=== Begin Enclosure ===

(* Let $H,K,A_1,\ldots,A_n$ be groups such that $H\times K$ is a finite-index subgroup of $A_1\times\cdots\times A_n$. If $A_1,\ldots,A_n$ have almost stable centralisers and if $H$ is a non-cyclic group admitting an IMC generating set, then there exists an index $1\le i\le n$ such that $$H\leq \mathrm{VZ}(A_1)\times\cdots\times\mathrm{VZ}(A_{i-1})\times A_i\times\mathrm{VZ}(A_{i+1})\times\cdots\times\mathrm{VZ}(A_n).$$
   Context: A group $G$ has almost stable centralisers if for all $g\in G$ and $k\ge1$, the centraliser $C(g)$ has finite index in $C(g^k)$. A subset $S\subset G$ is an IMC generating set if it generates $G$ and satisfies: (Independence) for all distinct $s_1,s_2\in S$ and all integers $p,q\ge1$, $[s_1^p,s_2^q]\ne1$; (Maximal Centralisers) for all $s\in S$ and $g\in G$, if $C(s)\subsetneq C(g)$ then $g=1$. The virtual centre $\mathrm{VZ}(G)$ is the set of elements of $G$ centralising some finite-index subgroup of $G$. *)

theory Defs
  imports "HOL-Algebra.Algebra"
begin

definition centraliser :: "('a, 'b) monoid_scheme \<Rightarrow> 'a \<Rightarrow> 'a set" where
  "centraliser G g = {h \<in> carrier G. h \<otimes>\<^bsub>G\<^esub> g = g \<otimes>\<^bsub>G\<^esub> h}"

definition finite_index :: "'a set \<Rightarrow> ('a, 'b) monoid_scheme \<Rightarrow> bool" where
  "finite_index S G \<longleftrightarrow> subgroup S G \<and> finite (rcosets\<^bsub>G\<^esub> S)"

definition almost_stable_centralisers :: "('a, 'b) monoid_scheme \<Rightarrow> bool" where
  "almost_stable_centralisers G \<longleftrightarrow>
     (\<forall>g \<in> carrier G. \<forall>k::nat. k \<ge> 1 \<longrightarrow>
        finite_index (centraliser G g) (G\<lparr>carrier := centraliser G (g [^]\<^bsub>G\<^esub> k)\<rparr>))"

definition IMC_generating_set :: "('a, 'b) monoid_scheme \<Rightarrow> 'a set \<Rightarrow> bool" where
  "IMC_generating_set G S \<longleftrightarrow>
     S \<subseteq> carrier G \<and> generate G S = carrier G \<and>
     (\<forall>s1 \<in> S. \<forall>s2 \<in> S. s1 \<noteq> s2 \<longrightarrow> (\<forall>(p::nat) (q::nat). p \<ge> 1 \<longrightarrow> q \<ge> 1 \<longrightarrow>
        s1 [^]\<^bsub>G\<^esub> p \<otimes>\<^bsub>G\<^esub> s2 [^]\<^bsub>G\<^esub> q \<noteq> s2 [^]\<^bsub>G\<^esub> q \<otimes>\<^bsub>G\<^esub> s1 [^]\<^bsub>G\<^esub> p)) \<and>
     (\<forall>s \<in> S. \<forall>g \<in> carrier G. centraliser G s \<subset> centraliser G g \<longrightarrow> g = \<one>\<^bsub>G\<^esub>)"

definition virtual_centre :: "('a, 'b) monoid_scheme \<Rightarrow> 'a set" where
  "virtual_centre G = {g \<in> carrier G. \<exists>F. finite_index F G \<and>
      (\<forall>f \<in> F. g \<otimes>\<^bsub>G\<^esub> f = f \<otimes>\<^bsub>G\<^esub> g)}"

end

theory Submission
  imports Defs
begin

=== End Enclosure ===

#### [Exercise prompt]
Your reply should match the data above exactly, line for line.

#### [Solved problem]
(* Let $H,K,A_1,\ldots,A_n$ be groups such that $H\times K$ is a finite-index subgroup of $A_1\times\cdots\times A_n$. If $A_1,\ldots,A_n$ have almost stable centralisers and if $H$ is a non-cyclic group admitting an IMC generating set, then there exists an index $1\le i\le n$ such that $$H\leq \mathrm{VZ}(A_1)\times\cdots\times\mathrm{VZ}(A_{i-1})\times A_i\times\mathrm{VZ}(A_{i+1})\times\cdots\times\mathrm{VZ}(A_n).$$
   Context: A group $G$ has almost stable centralisers if for all $g\in G$ and $k\ge1$, the centraliser $C(g)$ has finite index in $C(g^k)$. A subset $S\subset G$ is an IMC generating set if it generates $G$ and satisfies: (Independence) for all distinct $s_1,s_2\in S$ and all integers $p,q\ge1$, $[s_1^p,s_2^q]\ne1$; (Maximal Centralisers) for all $s\in S$ and $g\in G$, if $C(s)\subsetneq C(g)$ then $g=1$. The virtual centre $\mathrm{VZ}(G)$ is the set of elements of $G$ centralising some finite-index subgroup of $G$. *)

theory Defs
  imports "HOL-Algebra.Algebra"
begin

definition centraliser :: "('a, 'b) monoid_scheme \<Rightarrow> 'a \<Rightarrow> 'a set" where
  "centraliser G g = {h \<in> carrier G. h \<otimes>\<^bsub>G\<^esub> g = g \<otimes>\<^bsub>G\<^esub> h}"

definition finite_index :: "'a set \<Rightarrow> ('a, 'b) monoid_scheme \<Rightarrow> bool" where
  "finite_index S G \<longleftrightarrow> subgroup S G \<and> finite (rcosets\<^bsub>G\<^esub> S)"

definition almost_stable_centralisers :: "('a, 'b) monoid_scheme \<Rightarrow> bool" where
  "almost_stable_centralisers G \<longleftrightarrow>
     (\<forall>g \<in> carrier G. \<forall>k::nat. k \<ge> 1 \<longrightarrow>
        finite_index (centraliser G g) (G\<lparr>carrier := centraliser G (g [^]\<^bsub>G\<^esub> k)\<rparr>))"

definition IMC_generating_set :: "('a, 'b) monoid_scheme \<Rightarrow> 'a set \<Rightarrow> bool" where
  "IMC_generating_set G S \<longleftrightarrow>
     S \<subseteq> carrier G \<and> generate G S = carrier G \<and>
     (\<forall>s1 \<in> S. \<forall>s2 \<in> S. s1 \<noteq> s2 \<longrightarrow> (\<forall>(p::nat) (q::nat). p \<ge> 1 \<longrightarrow> q \<ge> 1 \<longrightarrow>
        s1 [^]\<^bsub>G\<^esub> p \<otimes>\<^bsub>G\<^esub> s2 [^]\<^bsub>G\<^esub> q \<noteq> s2 [^]\<^bsub>G\<^esub> q \<otimes>\<^bsub>G\<^esub> s1 [^]\<^bsub>G\<^esub> p)) \<and>
     (\<forall>s \<in> S. \<forall>g \<in> carrier G. centraliser G s \<subset> centraliser G g \<longrightarrow> g = \<one>\<^bsub>G\<^esub>)"

definition virtual_centre :: "('a, 'b) monoid_scheme \<Rightarrow> 'a set" where
  "virtual_centre G = {g \<in> carrier G. \<exists>F. finite_index F G \<and>
      (\<forall>f \<in> F. g \<otimes>\<^bsub>G\<^esub> f = f \<otimes>\<^bsub>G\<^esub> g)}"

end

theory Submission
  imports Defs
begin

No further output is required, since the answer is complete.